From: Lance Yang <ioworker0@gmail.com>
To: Barry Song <21cnbao@gmail.com>
Cc: Linux-MM <linux-mm@kvack.org>,
Ryan Roberts <ryan.roberts@arm.com>,
David Hildenbrand <david@redhat.com>,
Baolin Wang <baolin.wang@linux.alibaba.com>,
Andrew Morton <akpm@linux-foundation.org>
Subject: Re: All MADV_FREE mTHPs are fully subjected to deferred_split_folio()
Date: Mon, 30 Dec 2024 10:14:04 +0800 [thread overview]
Message-ID: <CAK1f24=aY3n72EgQR6MAXPVwabNMhbKzT=b2zVEG68MwHy1BCw@mail.gmail.com> (raw)

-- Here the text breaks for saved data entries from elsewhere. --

lemma mem_cells: "f \<in> cells D al sg \<Longrightarrow> x \<in> f \<Longrightarrow> f = cell al sg x \<and> x \<in> D"
  unfolding cells_def using cell_eq cell_subset by blast

lemma finite_cell: "f \<in> cells D al sg \<Longrightarrow> finite f"
  unfolding cells_def using cell_subset finite_darts finite_subset by blast

lemma funpow_card_cell: "(phi al sg ^^ card (cell al sg x)) x = x"
proof -
  let ?p = "phi al sg"
  have x: "x \<in> orbit ?p x"
    by (rule permutation_self_in_orbit[OF permutation_phi])
  have "card (orbit ?p x) = funpow_dist1 ?p x x"
    using card_image[OF inj_on_funpow_dist1[OF x]] by (simp add: orbit_conv_funpow_dist1[OF x])
  then show ?thesis
    using funpow_dist1_prop[OF x] by (simp add: cell_eq_orbit)
qed

lemma A4_opposite_involution:
  assumes "f \<in> cells D al sg" and "is_A4 C f" and "x \<in> f"
  shows "(phi al sg ^^ 2) ((phi al sg ^^ 2) x) = x"
proof -
  have "card (cell al sg x) = 4"
    using assms mem_cells by (auto simp: is_A4_def)
  then have "(phi al sg ^^ 4) x = x"
    using funpow_card_cell by metis
  moreover have "phi al sg ^^ 4 = (phi al sg ^^ 2) \<circ> (phi al sg ^^ 2)"
    by (simp flip: funpow_add)
  ultimately show ?thesis
    by simp
qed

subsection \<open>Edges\<close>

abbreviation edge :: "'d \<Rightarrow> 'd set" where
  "edge \<equiv> edge_of D al sg C"

lemma self_in_edge: "d \<in> edge d"
  unfolding edge_of_def by simp

lemma al_in_edge: "x \<in> edge d \<Longrightarrow> x \<in> D \<Longrightarrow> al x \<in> edge d"
  unfolding edge_of_def edge_rel_def by (auto intro: rtrancl_into_rtrancl)

lemma opposite_in_edge: "x \<in> edge d \<Longrightarrow> x \<in> C \<Longrightarrow> sg (sg x) \<in> edge d"
  unfolding edge_of_def edge_rel_def by (auto intro: rtrancl_into_rtrancl)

In-Reply-To: <CAGsJ_4wOL6TLa3FKQASdrGfuqqu=14EuxAtpKmnebiGLm0dnfA@mail.gmail.com>
Hi Barry,
On Mon, Dec 30, 2024 at 5:13 AM Barry Song <21cnbao@gmail.com> wrote:
>
> Hi Lance,
>
> Along with Ryan, David, Baolin, and anyone else who might be interested,
>
> We’ve noticed an unexpectedly high number of deferred splits. The root
> cause appears to be the changes introduced in commit dce7d10be4bbd3
> ("mm/madvise: optimize lazyfreeing with mTHP in madvise_free"). Since
> that commit, split_folio is no longer called in mm/madvise.c.
>
> However, we are still performing deferred_split_folio for all
> MADV_FREE mTHPs, even for those that are fully aligned with mTHP.
> This happens because we execute a goto discard in
> try_to_unmap_one(), which eventually leads to
> folio_remove_rmap_pte() adding all folios to deferred_split when we
> scan the 1st pte in try_to_unmap_one().
>
> discard:
> if (unlikely(folio_test_hugetlb(folio)))
> hugetlb_remove_rmap(folio);
> else
> folio_remove_rmap_pte(folio, subpage, vma);
>
> This could lead to a race condition with shrinker - deferred_split_scan().
> The shrinker might call folio_try_get(folio), and while we are scanning
> the second PTE of this folio in try_to_unmap_one(), the entire mTHP
> could be transitioned back to swap-backed because the reference count
> is incremented.
>
> /*
> * The only page refs must be one from isolation
> * plus the rmap(s) (dropped by discard:).
> */
> if (ref_count == 1 + map_count &&
> (!folio_test_dirty(folio) ||
> ...
> (vma->vm_flags & VM_DROPPABLE))) {
> dec_mm_counter(mm, MM_ANONPAGES);
> goto discard;
> }
>
> It also significantly increases contention on ds_queue->split_queue_lock during
> memory reclamation and could potentially introduce other race conditions with
> shrinker as well.
Good catch!
>
> I’m curious if anyone has suggestions for resolving this issue. My
> idea is to use
> folio_remove_rmap_ptes to drop all PTEs at once, rather than
> folio_remove_rmap_pte,
> which processes PTEs one by one for an mTHP. This approach would require some
> changes, such as checking the dirty state of PTEs and performing a TLB
> flush for the
> entire mTHP as a whole in try_to_unmap_one().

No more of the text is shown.